%%

(* Let $T$ be a torus and $X$ a finite $T$-CW complex. For each $(q,u)\in\mathbb D^\times\times T_{\mathbb C}$ we have an equality \[ L(S^1\wedge X_+)^{q,u}=S^1\wedge LX^{q,u}_+ \] of subsets of $L(S^1\wedge X_+)$.
   Context: $\mathbb T=U(1)$, $T$ torus, $\check T=\mathrm{Hom}(\mathbb T,T)$, $T_{\mathbb C}=\check T\otimes\mathbb C^\times$, $\mathbb D^\times=\{z\in\mathbb C:0<|z|<1\}$. For a $T$-space $Z$, $LZ=\mathrm{Map}(\mathbb T,Z)$ with $\mathbb T\times T$ acting by $((r,u)\cdot\gamma)(s)=u\cdot\gamma(r^{-1}s)$. For $(q,u)$, $T(q,u)$ is the intersection of all closed subgroups $H\subset\mathbb T\times T$ with $(q,u)\in H_{\mathbb C}=\mathrm{Hom}(\hat H,\mathbb C^\times)\subset\mathbb C^\times\times T_{\mathbb C}$, and $W^{q,u}$ denotes the $T(q,u)$-fixed subspace of a $\mathbb T\times T$-space $W$. $S^1$ has trivial $T$-action, $X_+=X\sqcup\{\mathrm{pt}\}$, and $S^1\wedge LX^{q,u}_+$ is regarded as a subset of $L(S^1\wedge X_+)$ via $[z,\gamma]\mapsto(s\mapsto[z,\gamma(s)])$, the basepoint going to the constant loop at the basepoint. *)

theory Defs
  imports "HOL-Analysis.Analysis"
begin

definition circle :: "complex set" where
  "circle = sphere 0 1"

(* A torus T of rank r, realised as U(1)^r: coordinates i < r on the unit circle,
   coordinates i \<ge> r frozen to 1. *)
definition torus :: "nat \<Rightarrow> (nat \<Rightarrow> complex) set" where
  "torus r = {u. (\<forall>i<r. cmod (u i) = 1) \<and> (\<forall>i\<ge>r. u i = 1)}"

(* T_\<complex> = Hom(\<T>,T) \<otimes> \<complex>^\<times> = (\<complex>^\<times>)^r, same coordinates. *)
definition torusC :: "nat \<Rightarrow> (nat \<Rightarrow> complex) set" where
  "torusC r = {u. (\<forall>i<r. u i \<noteq> 0) \<and> (\<forall>i\<ge>r. u i = 1)}"

definition tmul :: "(nat \<Rightarrow> complex) \<Rightarrow> (nat \<Rightarrow> complex) \<Rightarrow> nat \<Rightarrow> complex" where
  "tmul u v = (\<lambda>i. u i * v i)"

definition tone :: "nat \<Rightarrow> complex" where
  "tone = (\<lambda>i. 1)"

definition tinv :: "(nat \<Rightarrow> complex) \<Rightarrow> nat \<Rightarrow> complex" where
  "tinv u = (\<lambda>i. inverse (u i))"

definition closed_subgroup_T :: "nat \<Rightarrow> (nat \<Rightarrow> complex) set \<Rightarrow> bool" where
  "closed_subgroup_T r H \<longleftrightarrow> H \<subseteq> torus r \<and> tone \<in> H \<and>
     (\<forall>a\<in>H. \<forall>b\<in>H. tmul a (tinv b) \<in> H) \<and> closed H"

definition closed_subgroup_TT :: "nat \<Rightarrow> (complex \<times> (nat \<Rightarrow> complex)) set \<Rightarrow> bool" where
  "closed_subgroup_TT r H \<longleftrightarrow> H \<subseteq> circle \<times> torus r \<and> (1, tone) \<in> H \<and>
     (\<forall>p\<in>H. \<forall>p'\<in>H. (fst p / fst p', tmul (snd p) (tinv (snd p'))) \<in> H) \<and> closed H"

definition chi :: "nat \<Rightarrow> int \<Rightarrow> (nat \<Rightarrow> int) \<Rightarrow> complex \<times> (nat \<Rightarrow> complex) \<Rightarrow> complex" where
  "chi r m k p = fst p powi m * (\<Prod>i<r. snd p i powi k i)"

(* H_\<complex> = Hom(\<hat>H, \<complex>^\<times>) \<subseteq> \<complex>^\<times> \<times> T_\<complex>: the points on which every character of \<T> \<times> T
   that is trivial on H takes the value 1 (\<hat>H = characters of \<T>\<times>T modulo those trivial on H). *)
definition complexify :: "nat \<Rightarrow> (complex \<times> (nat \<Rightarrow> complex)) set \<Rightarrow> (complex \<times> (nat \<Rightarrow> complex)) set" where
  "complexify r H = {(q, u). q \<noteq> 0 \<and> u \<in> torusC r \<and>
     (\<forall>m k. (\<forall>p\<in>H. chi r m k p = 1) \<longrightarrow> chi r m k (q, u) = 1)}"

definition Tqu :: "nat \<Rightarrow> complex \<Rightarrow> (nat \<Rightarrow> complex) \<Rightarrow> (complex \<times> (nat \<Rightarrow> complex)) set" where
  "Tqu r q u = \<Inter>{H. closed_subgroup_TT r H \<and> (q, u) \<in> complexify r H}"

definition tspace :: "nat \<Rightarrow> 'a topology \<Rightarrow> ((nat \<Rightarrow> complex) \<Rightarrow> 'a \<Rightarrow> 'a) \<Rightarrow> bool" where
  "tspace r X act \<longleftrightarrow>
     continuous_map (prod_topology (top_of_set (torus r)) X) X (\<lambda>(t, x). act t x) \<and>
     (\<forall>x\<in>topspace X. act tone x = x) \<and>
     (\<forall>s\<in>torus r. \<forall>t\<in>torus r. \<forall>x\<in>topspace X. act (tmul s t) x = act s (act t x))"

definition disk :: "nat \<Rightarrow> (nat \<Rightarrow> real) set" where
  "disk n = {v. (\<forall>i\<ge>n. v i = 0) \<and> (\<Sum>i<n. (v i)\<^sup>2) \<le> 1}"

definition disk_bdry :: "nat \<Rightarrow> (nat \<Rightarrow> real) set" where
  "disk_bdry n = {v \<in> disk n. (\<Sum>i<n. (v i)\<^sup>2) = 1}"

(* Finite T-CW complex: finitely many skeleta sk 0 \<subseteq> ... \<subseteq> sk N = X, where sk k arises from
   sk (k-1) (sk (-1) = {}) by attaching finitely many equivariant cells T/H \<times> D^k, H closed.
   The cell T/H \<times> D^k is encoded by a characteristic map \<Phi> : T \<times> D^k \<rightarrow> sk k which is
   T-equivariant and H-invariant in the T-variable (i.e. factors through T/H \<times> D^k),
   maps T \<times> S^{k-1} into sk (k-1), is injective on T/H \<times> int D^k, the open cells partition
   sk k - sk (k-1), and sk k carries the quotient (weak) topology. *)
definition finite_TCW :: "nat \<Rightarrow> 'a topology \<Rightarrow> ((nat \<Rightarrow> complex) \<Rightarrow> 'a \<Rightarrow> 'a) \<Rightarrow> bool" where
  "finite_TCW r X act \<longleftrightarrow> tspace r X act \<and>
    (\<exists>(N::nat) (sk :: nat \<Rightarrow> 'a set) (J :: nat \<Rightarrow> nat set)
        (H :: nat \<Rightarrow> nat \<Rightarrow> (nat \<Rightarrow> complex) set)
        (\<Phi> :: nat \<Rightarrow> nat \<Rightarrow> (nat \<Rightarrow> complex) \<times> (nat \<Rightarrow> real) \<Rightarrow> 'a).
      sk N = topspace X \<and>
      (\<forall>k\<le>N. let P = (if k = 0 then {} else sk (k - 1)) in
         finite (J k) \<and> P \<subseteq> sk k \<and> sk k \<subseteq> topspace X \<and>
         (\<forall>j\<in>J k.
            closed_subgroup_T r (H k j) \<and>
            continuous_map (prod_topology (top_of_set (torus r)) (top_of_set (disk k)))
                           (subtopology X (sk k)) (\<Phi> k j) \<and>
            (\<forall>s\<in>torus r. \<forall>t\<in>torus r. \<forall>d\<in>disk k.
                \<Phi> k j (tmul s t, d) = act s (\<Phi> k j (t, d))) \<and>
            (\<forall>t\<in>torus r. \<forall>h\<in>H k j. \<forall>d\<in>disk k. \<Phi> k j (tmul t h, d) = \<Phi> k j (t, d)) \<and>
            (\<forall>t\<in>torus r. \<forall>d\<in>disk_bdry k. \<Phi> k j (t, d) \<in> P) \<and>
            (\<forall>t\<in>torus r. \<forall>t'\<in>torus r. \<forall>d\<in>disk k - disk_bdry k. \<forall>d'\<in>disk k - disk_bdry k.
                \<Phi> k j (t, d) = \<Phi> k j (t', d') \<longrightarrow> d = d' \<and> tmul (tinv t') t \<in> H k j)) \<and>
         (\<forall>j\<in>J k. \<forall>j'\<in>J k. j \<noteq> j' \<longrightarrow>
            \<Phi> k j ` (torus r \<times> (disk k - disk_bdry k)) \<inter>
            \<Phi> k j' ` (torus r \<times> (disk k - disk_bdry k)) = {}) \<and>
         sk k - P = (\<Union>j\<in>J k. \<Phi> k j ` (torus r \<times> (disk k - disk_bdry k))) \<and>
         (\<Union>j\<in>J k. \<Phi> k j ` (torus r \<times> (disk k - disk_bdry k))) \<inter> P = {} \<and>
         (\<forall>U. openin (subtopology X (sk k)) U \<longleftrightarrow>
              U \<subseteq> sk k \<and> openin (subtopology X P) (U \<inter> P) \<and>
              (\<forall>j\<in>J k. openin (prod_topology (top_of_set (torus r)) (top_of_set (disk k)))
                              {p \<in> torus r \<times> disk k. \<Phi> k j p \<in> U}))))"

(* free loop spaces: continuous maps \<T> \<rightarrow> Z (extended by undefined off the circle) *)
definition loop_of :: "(complex \<Rightarrow> 'b) \<Rightarrow> complex \<Rightarrow> 'b" where
  "loop_of f = (\<lambda>s. if s \<in> circle then f s else undefined)"

definition loops :: "'b topology \<Rightarrow> (complex \<Rightarrow> 'b) set" where
  "loops Z = {\<gamma>. continuous_map (top_of_set circle) Z \<gamma> \<and> \<gamma> = loop_of \<gamma>}"

definition loop_act :: "((nat \<Rightarrow> complex) \<Rightarrow> 'b \<Rightarrow> 'b) \<Rightarrow> complex \<times> (nat \<Rightarrow> complex)
                         \<Rightarrow> (complex \<Rightarrow> 'b) \<Rightarrow> complex \<Rightarrow> 'b" where
  "loop_act act p \<gamma> = loop_of (\<lambda>s. act (snd p) (\<gamma> (inverse (fst p) * s)))"

definition fixed_loops :: "nat \<Rightarrow> 'b topology \<Rightarrow> ((nat \<Rightarrow> complex) \<Rightarrow> 'b \<Rightarrow> 'b)
                            \<Rightarrow> complex \<Rightarrow> (nat \<Rightarrow> complex) \<Rightarrow> (complex \<Rightarrow> 'b) set" where
  "fixed_loops r Z act q u = {\<gamma> \<in> loops Z. \<forall>p\<in>Tqu r q u. loop_act act p \<gamma> = \<gamma>}"

(* X_+ = X \<squnion> {pt}: Some x for x \<in> X, None the disjoint basepoint *)
definition plus_top :: "'a topology \<Rightarrow> 'a option topology" where
  "plus_top X = topology (\<lambda>U. U \<subseteq> insert None (Some ` topspace X) \<and> openin X {x. Some x \<in> U})"

(* smash product of pointed spaces (A,a0), (B,b0): A \<times> B / (A \<or> B), basepoint None *)
definition smash_carrier :: "'s set \<Rightarrow> 's \<Rightarrow> 'b set \<Rightarrow> 'b \<Rightarrow> ('s \<times> 'b) option set" where
  "smash_carrier A a0 B b0 = insert None (Some ` ((A - {a0}) \<times> (B - {b0})))"

definition smash_proj :: "'s \<Rightarrow> 'b \<Rightarrow> 's \<times> 'b \<Rightarrow> ('s \<times> 'b) option" where
  "smash_proj a0 b0 p = (if fst p = a0 \<or> snd p = b0 then None else Some p)"

definition smash_top :: "'s topology \<Rightarrow> 's \<Rightarrow> 'b topology \<Rightarrow> 'b \<Rightarrow> ('s \<times> 'b) option topology" where
  "smash_top A a0 B b0 = topology (\<lambda>U. U \<subseteq> smash_carrier (topspace A) a0 (topspace B) b0 \<and>
      openin (prod_topology A B) {p \<in> topspace (prod_topology A B). smash_proj a0 b0 p \<in> U})"

definition smash_plus_act :: "((nat \<Rightarrow> complex) \<Rightarrow> 'a \<Rightarrow> 'a) \<Rightarrow> (nat \<Rightarrow> complex)
        \<Rightarrow> (complex \<times> 'a option) option \<Rightarrow> (complex \<times> 'a option) option" where
  "smash_plus_act act t = map_option (\<lambda>(z, y). (z, map_option (act t) y))"

(* S^1 \<and> (LX^{q,u})_+ \<rightarrow> L(S^1 \<and> X_+), [z,\<gamma>] \<mapsto> (s \<mapsto> [z,\<gamma>(s)]), basepoint \<mapsto> constant loop *)
definition smash_loop_incl :: "(complex \<times> (complex \<Rightarrow> 'a) option) option
        \<Rightarrow> complex \<Rightarrow> (complex \<times> 'a option) option" where
  "smash_loop_incl p = (case p of
      None \<Rightarrow> loop_of (\<lambda>s. None)
    | Some (z, None) \<Rightarrow> loop_of (\<lambda>s. None)
    | Some (z, Some \<gamma>) \<Rightarrow> loop_of (\<lambda>s. Some (z, Some (\<gamma> s))))"

end

theory Submission
  imports Defs
begin

(* Since 0 < |q| < 1, the group T(q,u) contains the one-parameter subgroup
   t \<mapsto> (e^(i t log|q|), (e^(i t log|u_i|))_i). Indeed, a closed subgroup H of \<T> \<times> T is cut
   out by the characters trivial on it (approximate the distance to H uniformly by trigonometric
   polynomials via Stone-Weierstrass, then average over powers of elements of H to kill the
   characters that are nontrivial on H), and if (q,u) \<in> H_\<complex> such a character is 1 at (q,u), so
   its weight is orthogonal to (log|q|, (log|u_i|)_i) and it is trivial on the subgroup.
   The first coordinate of this subgroup runs through all of \<T>, so a loop fixed by T(q,u) takes
   all its values in the T-orbit of its value at 1. As T acts trivially on the S^1-coordinate of
   S^1 \<and> X_+, such a loop is either the constant loop at the basepoint or s \<mapsto> [z, \<delta>(s)] for
   one z \<noteq> 1 and a loop \<delta> in X, which is then itself fixed by T(q,u). *)

section \<open>The group \<open>\<T> \<times> T\<close>\<close>

definition circle_torus :: "nat \<Rightarrow> (complex \<times> (nat \<Rightarrow> complex)) set" where
  "circle_torus r = circle \<times> torus r"

definition ct_mul :: "complex \<times> (nat \<Rightarrow> complex) \<Rightarrow> complex \<times> (nat \<Rightarrow> complex) \<Rightarrow> complex \<times> (nat \<Rightarrow> complex)" where
  "ct_mul p p' = (fst p * fst p', tmul (snd p) (snd p'))"

definition ct_inv :: "complex \<times> (nat \<Rightarrow> complex) \<Rightarrow> complex \<times> (nat \<Rightarrow> complex)" where
  "ct_inv p = (inverse (fst p), tinv (snd p))"

definition ct_pow :: "complex \<times> (nat \<Rightarrow> complex) \<Rightarrow> nat \<Rightarrow> complex \<times> (nat \<Rightarrow> complex)" where
  "ct_pow h j = (fst h ^ j, \<lambda>i. snd h i ^ j)"

lemma mem_circle_torus_iff:
  "p \<in> circle_torus r \<longleftrightarrow> cmod (fst p) = 1 \<and> (\<forall>i<r. cmod (snd p i) = 1) \<and> (\<forall>i\<ge>r. snd p i = 1)"
  by (cases p) (auto simp: circle_torus_def circle_def torus_def)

%%

**Task goal:** For each line in the material above that holds the word "such", add one to a count; state only the final number.

**Reply to the exercise:** 2